Cultivating a seed bed of projects

Facilitating a positive future requires the cultivation of the global seed bed of projects. Seedling projects can develop stronger if they become part of a larger sector with its own ethics, identity and networked co-ordination. While big governments struggle to agree on substantive responses to interlinked crises we can, in the meantime, develop more effective engagement by helping these civil society organisations help each other through methods to enable more effective co-ordination and coherence. Effective co-ordination will need to accommodate considerable heterogeneity. In his book Paul Hawken stresses the diversity of all the organisations that have emerged to fit so many different places and situations. This is both a strength and a weakness. Observers at Copenhagen who attended civil society meetings referred to the cacophony of different policies and approaches hindering the exercise of a coherent influence. Only in a few places do these kind of small scale local initiatives have their views reflected in government policies. Indeed for some organisations, where there is any political expression at all, it is at the global level – for example at UN climate conferences like the COP. While the world media focuses on intergovernmental negotiations at the “Conference of the Parties of the UNFCCC” another process has been occurring – alongside the ineffectual and chaotic intergovernmental horse trading, thousands of civil society activists networked and exchanged ideas. At Copenhagen this process appears to have reached the end of the line. Not only did many civil society organisations choose to be outside of a process which they judged was going nowhere, many organisations who came, as they thought, to attend the main event, found themselves quite literally locked out in the cold while in the hall a few world leaders squabbled and were not able to achieve agreement.
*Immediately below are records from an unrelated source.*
theorem theorem4:
  fixes V :: "'a set" and E :: "'a set set"
  assumes "simple_graph V E"
    and "connected_graph V E"
    and "\<not> is_tree V E"
    and "\<forall>xs. is_cycle V E xs \<longrightarrow> length xs \<le> 4"
  shows "\<not> (\<exists>v. good_vertex V E v)"
proof
  assume "\<exists>v. good_vertex V E v"
  then obtain v where v: "v \<in> V"
    and good: "wiener V E = wiener (V - {v}) (del_vertex_E E v)"
    unfolding good_vertex_def del_vertex_V_def by blast
  then have conn': "connected_graph (V - {v}) (del_vertex_E E v)"
    using assms(2) by (auto simp: wiener_def split: if_splits)
  then obtain u where u: "u \<in> V - {v}"
    unfolding connected_graph_def by blast
  have "(\<Sum>x\<in>V - {v}. \<Sum>y\<in>V - {v}. dist (V - {v}) (del_vertex_E E v) x y)
      = (\<Sum>x\<in>V - {v}. \<Sum>y\<in>V - {v}. dist V E x y)"
    using dist_del_vertex_eq[OF assms(1,4,2) conn'] by simp
  moreover have "(\<Sum>x\<in>V - {v}. \<Sum>y\<in>V - {v}. dist V E x y) div 2
      < (\<Sum>x\<in>V. \<Sum>y\<in>V. dist V E x y) div 2"
    using assms(1) u v dist_pos[OF assms(2)]
    by (intro half_double_sum_remove_less[of V u v]) (auto simp: simple_graph_def)
  ultimately show False
    using good assms(2) conn' by (simp add: wiener_def)
qed

end
lemma plus_Ln_upper_half:
  assumes "w \<noteq> 0" "-1 < Re (plus_Ln w)" "0 < Im (plus_Ln w)"
  shows "0 < Arg w" "Arg w < pi" "Arg w < Im (plus_Ln w)"
    and "norm w = (Im (plus_Ln w) - Arg w) / sin (Arg w)"
    and "omega_profile (Im (plus_Ln w)) (Arg w) = Re (plus_Ln w)"
proof -
  have Arg: "- pi < Arg w" "Arg w < pi"
    using mpi_less_Arg Arg_less_pi_if_not_nonpos_Reals plus_Ln_not_nonpos_Reals[OF assms(1,2)]
    by auto
  have Im: "norm w * sin (Arg w) = Im (plus_Ln w) - Arg w" using Im_plus_Ln[OF assms(1)] by simp
  show "0 < Arg w"
  proof (rule ccontr)
    assume "\<not> 0 < Arg w"
    then have "sin (Arg w) \<le> 0" using Arg sin_ge_zero[of "- Arg w"] by simp
    then have "norm w * sin (Arg w) \<le> 0" by (simp add: mult_nonneg_nonpos)
    with Im assms(3) \<open>\<not> 0 < Arg w\<close> show False by linarith
  qed
  then have sin_pos: "sin (Arg w) > 0" using Arg by (simp add: sin_gt_zero)
  with Im assms(1) show "Arg w < Im (plus_Ln w)"
    by (smt (verit) mult_pos_pos zero_less_norm_iff)
  from sin_pos Im show norm_w: "norm w = (Im (plus_Ln w) - Arg w) / sin (Arg w)"
    by (simp add: eq_divide_eq)
  show "Arg w < pi" by (fact Arg(2))
  show "omega_profile (Im (plus_Ln w)) (Arg w) = Re (plus_Ln w)"
    unfolding omega_profile_def Re_plus_Ln[OF assms(1)] norm_w[symmetric] by simp
qed

lemma Arg_eq_0_if_Im_plus_Ln_eq_0:
  assumes "w \<noteq> 0" "-1 < Re (plus_Ln w)" "Im (plus_Ln w) = 0"
  shows "Arg w = 0"
proof (rule ccontr)
  assume "Arg w \<noteq> 0"
  moreover have "- pi < Arg w" "Arg w < pi"
    using mpi_less_Arg Arg_less_pi_if_not_nonpos_Reals plus_Ln_not_nonpos_Reals[OF assms(1,2)]
    by auto
  ultimately have "0 < Arg w \<and> 0 < sin (Arg w) \<or> Arg w < 0 \<and> sin (Arg w) < 0"
    using sin_gt_zero[of "Arg w"] sin_gt_zero[of "- Arg w"] by (cases "0 < Arg w") auto
  moreover have "norm w * sin (Arg w) + Arg w = 0" using Im_plus_Ln[OF assms(1)] assms(3) by simp
  ultimately show False
    using assms(1) by (smt (verit) mult_pos_pos mult_pos_neg zero_less_norm_iff)
qed

lemma plus_Ln_inj_upper_half:
  assumes "w1 \<noteq> 0" "w2 \<noteq> 0" "plus_Ln w1 = plus_Ln w2"
    and "-1 < Re (plus_Ln w1)" "0 < Im (plus_Ln w1)"
  shows "w1 = w2"
proof -
  note w1 = plus_Ln_upper_half[OF assms(1,4,5)]
  note w2 = plus_Ln_upper_half[OF assms(2), folded assms(3), OF assms(4,5)]
  have "Arg w1 = Arg w2"
  proof (rule ccontr)
    assume "Arg w1 \<noteq> Arg w2"
    then show False
      using omega_profile_strict_decreasing[of "Arg w1" "Arg w2" "Im (plus_Ln w1)"]
        omega_profile_strict_decreasing[of "Arg w2" "Arg w1" "Im (plus_Ln w1)"] w1 w2
      by (cases "Arg w1 < Arg w2") auto
  qed
  moreover from this have "norm w1 = norm w2" using w1 w2 by simp
  ultimately show ?thesis using rcis_cmod_Arg[of w1] rcis_cmod_Arg[of w2] by metis
qed

lemma plus_Ln_inj:
  assumes "w1 \<noteq> 0" "w2 \<noteq> 0" "plus_Ln w1 = plus_Ln w2" "-1 < Re (plus_Ln w1)"
  shows "w1 = w2"
proof -
  consider "0 < Im (plus_Ln w1)" | "Im (plus_Ln w1) < 0" | "Im (plus_Ln w1) = 0" by linarith
  then show ?thesis
  proof cases
    case 1
    then show ?thesis using plus_Ln_inj_upper_half[OF assms] by simp
  next
    case 2
    have "w1 \<notin> \<real>\<^sub>\<le>\<^sub>0" "w2 \<notin> \<real>\<^sub>\<le>\<^sub>0"
      using plus_Ln_not_nonpos_Reals assms by metis+
    then have cnj1: "plus_Ln (cnj w1) = cnj (plus_Ln w1)"
      and cnj2: "plus_Ln (cnj w2) = cnj (plus_Ln w1)"
      using assms(3) by (simp_all add: plus_Ln_cnj)
    have "cnj w1 = cnj w2"
    proof (rule plus_Ln_inj_upper_half)
      show "cnj w1 \<noteq> 0" "cnj w2 \<noteq> 0" using assms(1,2) by simp_all
      show "plus_Ln (cnj w1) = plus_Ln (cnj w2)" unfolding cnj1 cnj2 ..
      show "-1 < Re (plus_Ln (cnj w1))" "0 < Im (plus_Ln (cnj w1))"
        unfolding cnj1 using assms(4) 2 by simp_all
    qed
    then show ?thesis by simp
  next
    case 3
    then have "Arg w1 = 0" "Arg w2 = 0"
      using Arg_eq_0_if_Im_plus_Ln_eq_0 assms by metis+
    with assms have "norm w1 + ln (norm w1) = norm w2 + ln (norm w2)"
      using Re_plus_Ln[of w1] Re_plus_Ln[of w2] by simp
    with assms(1,2) have "norm w1 = norm w2"
      using x_plus_ln_le_cancel[of "norm w1" "norm w2"] x_plus_ln_le_cancel[of "norm w2" "norm w1"]
      by simp
    with \<open>Arg w1 = 0\<close> \<open>Arg w2 = 0\<close> show ?thesis using rcis_cmod_Arg[of w1] rcis_cmod_Arg[of w2] by metis
  qed
qed

lemma plus_Ln_surj_upper_half:
  assumes "0 < a" "0 < b"
  obtains w where "w \<noteq> 0" "plus_Ln w = Complex a b"
proof -
  obtain t where t: "0 < t" "t < b" "t < pi" "omega_profile b t = a"
    using omega_profile_surj[OF assms(2,1)] by blast
  have "sin t > 0" using t by (simp add: sin_gt_zero)
  define r where "r = (b - t) / sin t"
  have r: "r > 0" unfolding r_def using \<open>sin t > 0\<close> t by simp
  define w where "w = rcis r t"
  have w: "norm w = r" "w \<noteq> 0" unfolding w_def using r by auto
  have "sgn w = cis t" unfolding w_def using r by (simp add: rcis_def sgn_mult sgn_of_real)
  then have "Arg w = t" using t by (intro cis_Arg_unique) auto
  have "plus_Ln w = Complex a b"
  proof (rule complex_eqI)
    show "Re (plus_Ln w) = Re (Complex a b)"
      using t(4) by (simp add: Re_plus_Ln w \<open>Arg w = t\<close> omega_profile_def mult.commute flip: r_def)
    show "Im (plus_Ln w) = Im (Complex a b)"
      using \<open>sin t > 0\<close> by (simp add: Im_plus_Ln w \<open>Arg w = t\<close> r_def)
  qed
  with w show ?thesis by (intro that)
qed

lemma plus_Ln_surj:
  assumes "1 < Re z"
  obtains w where "w \<noteq> 0" "plus_Ln w = z"
proof -
  consider "0 < Im z" | "Im z < 0" | "Im z = 0" by linarith
  then show ?thesis
  proof cases
    case 1
    with assms obtain w where "w \<noteq> 0" "plus_Ln w = Complex (Re z) (Im z)"
      using plus_Ln_surj_upper_half[of "Re z" "Im z"] by auto
    then show ?thesis by (intro that) simp_all
  next
    case 2
    obtain w where "w \<noteq> 0" "plus_Ln w = Complex (Re z) (- Im z)"
      using plus_Ln_surj_upper_half[of "Re z" "- Im z"] 2 assms by auto
    then have w: "w \<noteq> 0" "plus_Ln w = cnj z" by (simp_all add: complex_eq_iff)
    then have "w \<notin> \<real>\<^sub>\<le>\<^sub>0" using plus_Ln_not_nonpos_Reals assms by simp
    with w have "plus_Ln (cnj w) = z" by (simp add: plus_Ln_cnj)
    with w show ?thesis by (intro that[of "cnj w"]) simp_all
  next
    case 3
    have "\<exists>x. 1 \<le> x \<and> x \<le> Re z \<and> x + ln x = Re z"
      using assms by (intro IVT) (auto intro!: continuous_intros)
    then obtain x where "1 \<le> x" "x + ln x = Re z" by blast
    with 3 have "plus_Ln (of_real x) = z"
      by (simp add: plus_Ln_def Ln_of_real complex_eq_iff)
    with \<open>1 \<le> x\<close> show ?thesis by (intro that[of "of_real x"]) auto
  qed
qed

definition wright_omega :: "complex \<Rightarrow> complex" where
  "wright_omega z = (THE w. w \<noteq> 0 \<and> plus_Ln w = z)"

lemma wright_omega_eqI:
  assumes "w \<noteq> 0" "plus_Ln w = z" "1 < Re z"
  shows "wright_omega z = w"
  unfolding wright_omega_def
proof (rule the_equality)
  show "w \<noteq> 0 \<and> plus_Ln w = z" using assms by simp
  show "v = w" if "v \<noteq> 0 \<and> plus_Ln v = z" for v
    using that assms plus_Ln_inj[of v w] by simp
qed

lemma wright_omega:
  assumes "1 < Re z"
  shows "wright_omega z \<noteq> 0" "plus_Ln (wright_omega z) = z"
  using plus_Ln_surj[OF assms] wright_omega_eqI[OF _ _ assms] by metis+

lemma wright_omega_not_nonpos_Reals:
  assumes "1 < Re z"
  shows "wright_omega z \<notin> \<real>\<^sub>\<le>\<^sub>0"
  using plus_Ln_not_nonpos_Reals wright_omega[OF assms] assms by simp

lemma wright_omega_holomorphic_on: "wright_omega holomorphic_on {z. 1 < Re z}"
proof -
  define S where "S = - \<real>\<^sub>\<le>\<^sub>0 \<inter> plus_Ln -` {z. 1 < Re z}"
  have "continuous_on (- \<real>\<^sub>\<le>\<^sub>0) plus_Ln"
    unfolding plus_Ln_def by (intro continuous_intros) auto
  then have "open S"
    unfolding S_def by (rule continuous_open_preimage) (auto intro: open_halfspace_Re_gt)
  moreover have "plus_Ln holomorphic_on S"
    unfolding plus_Ln_def S_def by (intro holomorphic_intros) auto
  moreover have "inj_on plus_Ln S"
  proof (rule inj_onI)
    fix x y assume "x \<in> S" "y \<in> S" "plus_Ln x = plus_Ln y"
    moreover from this have "x \<noteq> 0" "y \<noteq> 0" "1 < Re (plus_Ln x)" by (auto simp: S_def)
    ultimately show "x = y" using plus_Ln_inj by simp
  qed
  ultimately obtain g where g_holo: "g holomorphic_on (plus_Ln ` S)"
    and g_inv: "\<And>z. z \<in> S \<Longrightarrow> g (plus_Ln z) = z"
    using holomorphic_has_inverse by metis
  have omega_in_S: "wright_omega u \<in> S" if "1 < Re u" for u
    using wright_omega[OF that] wright_omega_not_nonpos_Reals[OF that] that by (auto simp: S_def)
  have "plus_Ln ` S = {z. 1 < Re z}"
    using omega_in_S wright_omega by (force simp: S_def)
  moreover have "g u = wright_omega u" if "1 < Re u" for u
    using g_inv[OF omega_in_S[OF that]] wright_omega[OF that] by simp
  ultimately show ?thesis
    using g_holo by (auto intro: holomorphic_transform)
qed

lemma wright_omega_has_field_derivative:
  assumes "1 < Re z"
  shows "(wright_omega has_field_derivative wright_omega z / (wright_omega z + 1)) (at z)"
proof -
  define w where "w = wright_omega z"
  have w: "w \<noteq> 0" "plus_Ln w = z" "w \<notin> \<real>\<^sub>\<le>\<^sub>0"
    using wright_omega[OF assms] wright_omega_not_nonpos_Reals[OF assms] by (auto simp: w_def)
  have half_plane: "open {z. 1 < Re z}" by (fact open_halfspace_Re_gt)
  obtain D where D: "(wright_omega has_field_derivative D) (at z)"
    using wright_omega_holomorphic_on assms holomorphic_derivI[OF _ half_plane] by fastforce
  have "(plus_Ln has_field_derivative 1 + inverse w) (at (wright_omega z))"
    unfolding plus_Ln_def[abs_def] w_def[symmetric] using w by (auto intro!: derivative_eq_intros)
  from DERIV_chain2[OF this D]
  have "((\<lambda>x. plus_Ln (wright_omega x)) has_field_derivative (1 + inverse w) * D) (at z)" .
  moreover have "((\<lambda>x. plus_Ln (wright_omega x)) has_field_derivative 1) (at z)"
    using assms wright_omega(2)
    by (intro has_field_derivative_transform_within_open[OF DERIV_ident half_plane]) auto
  ultimately have "(1 + inverse w) * D = 1" by (rule DERIV_unique)
  moreover have "w + 1 \<noteq> 0" using w(3) by (auto simp: add_eq_0_iff2)
  ultimately have "D = w / (w + 1)" using w(1) by (simp add: field_simps)
  with D show ?thesis by (simp add: w_def)
qed

lemma Re_Ln_plus_branch_gt_1:
  assumes "exp 1 < norm z"
  shows "1 < Re (Ln z + 2 * of_real pi * \<i> * of_int k)"
proof -
  have "z \<noteq> 0" using assms by auto
  moreover have "ln (exp 1) < ln (norm z)" using assms by (intro ln_less_cancel_iff[THEN iffD2]) auto
  ultimately show ?thesis by simp
qed

lemma lambert_W_eq_wright_omega:
  assumes "exp 1 < norm z"
  shows "lambert_W k z = wright_omega (Ln z + 2 * of_real pi * \<i> * of_int k)"
proof -
  have "\<not> (- exp (-1) \<le> Re z \<and> Re z < 0)" if "z \<in> \<real>"
  proof -
    have "norm z = \<bar>Re z\<bar>" using that by (auto elim!: Reals_cases)
    moreover have "exp (-1) < (exp 1 :: real)" by simp
    ultimately show ?thesis using assms by linarith
  qed
  then show ?thesis
    using assms by (auto simp: lambert_W_def wright_omega_def plus_Ln_def)
qed

lemma lambert_W_has_field_derivative:
  assumes "exp 1 < norm z" "z \<notin> \<real>\<^sub>\<le>\<^sub>0"
  shows "(lambert_W k has_field_derivative lambert_W k z / (lambert_W k z + 1) * inverse z) (at z)"
proof -
  define c where "c = 2 * of_real pi * \<i> * (of_int k :: complex)"
  have Ln_deriv: "((\<lambda>x. Ln x + c) has_field_derivative inverse z) (at z)"
    using assms(2) by (auto intro!: derivative_eq_intros)
  have "1 < Re (Ln z + c)" using Re_Ln_plus_branch_gt_1[OF assms(1)] by (simp add: c_def)
  then have "((\<lambda>x. wright_omega (Ln x + c)) has_field_derivative
      lambert_W k z / (lambert_W k z + 1) * inverse z) (at z)"
    using DERIV_chain2[OF wright_omega_has_field_derivative Ln_deriv]
    by (simp add: lambert_W_eq_wright_omega[OF assms(1)] c_def)
  moreover have "open ({x :: complex. exp 1 < norm x} \<inter> - \<real>\<^sub>\<le>\<^sub>0)"
    by (intro open_Int open_Compl closed_nonpos_Reals_complex open_Collect_less continuous_intros)
  ultimately show ?thesis
    using assms by (elim has_field_derivative_transform_within_open)
      (auto simp: lambert_W_eq_wright_omega c_def)
qed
Top Down versus horizontal co-ordination frameworks, the role of the Viable Systems Model

So what is to be done? How are the entrepreneurial projects to be co-ordinated and how will the emerging movement to hold the earths commons resources in trust manage themselves? The two processes are, as already explained, not quite the same – nonetheless both have much to gain by using principles from management cybernetics and systems thinking. In this thinking maximal autonomy of action is reserved at the lowest level – in the smallest units.


Self evidently a micro elite of mega powerful government leaders and mega powerful corporate institutions cannot heal the world – what are needed are frameworks in which each house, community, garden, field, farm, forest, river and stream is healed locally - by responsible people and their local organisations. These entrepreneurial initiatives need to be encouraged and supported by frameworks also established by millions of people coming together to endorse charters of principle to manage the commons and setting up appropriate organisations, outside the mainstream political process. In neither case can this be done in a top down fashion. Most of the co-ordination frameworks common in the modern world are governance frameworks. They are essentially rule based systems within government or in the management of other kinds of organisations. These have a top-down and command and control character. Following the ideas of Thomas Hobbes from the 17th century, government is seen as the operations of the thinking head regulating the active body of citizens by telling them what to do. Instead of regarding co-ordination in the eco-social economy as the re-jigging of top down arrangements another approach is to think of improving horizontal co-ordination and networking between the local projects. One kind of arrangement that could be used to do this is called viable systems modelling, or VSM for short, a form of organisational framework designed by a far too little known organisation expert called Stafford Beer. The underlying assumption of VSM is that it is not efficient to pass all major decisions up to the highest level to hand down their decisions and regulations from on high – it is very rarely necessary and, indeed, it is often inefficient to do this. Top down co-ordinators typically have less detailed information about immediate local conditions even though they claim to have the wider picture, the overview. The image of Hobbesian decision making is a conscious head telling “the body politic” what it should do. However in the human body the head does not tell the heart how fast it should beat and most processes in the human body occur autonomically. Stafford Beer saw that just as 'Top down' does not work in the human body, or any other natural system, the same applies as between the members of any organisation. The same also applies across the diversities and differences between civil society organisations that are becoming active on environmental issues.


Meta-System Functions

What is needed instead is a methodology which clarifies what to do in those limited circumstances where the primary activities of organisations and movements – ecological cultivation, sustainable transport, energy efficiency work and the like – require some way of regulating their relations through a meta-system. The question is - how does one run this meta system as a co-ordinative service rather than as command and control over the other activities telling them what they must do in an authoritarian fashion? Beer's insight was that essentially all meta system co-ordinating functions are of 4 types – to deal with conflicts, to achieve synergy, to maintain a dynamic assessment of changing operational environments which are evolving in space and time and, finally, the maintenance of overall common identity. This can be illustrated with examples of how to co-ordinate eco-social entrepreneur projects as well as how to co-ordinate the framework conditions of economic activity through the operation of commons trusts.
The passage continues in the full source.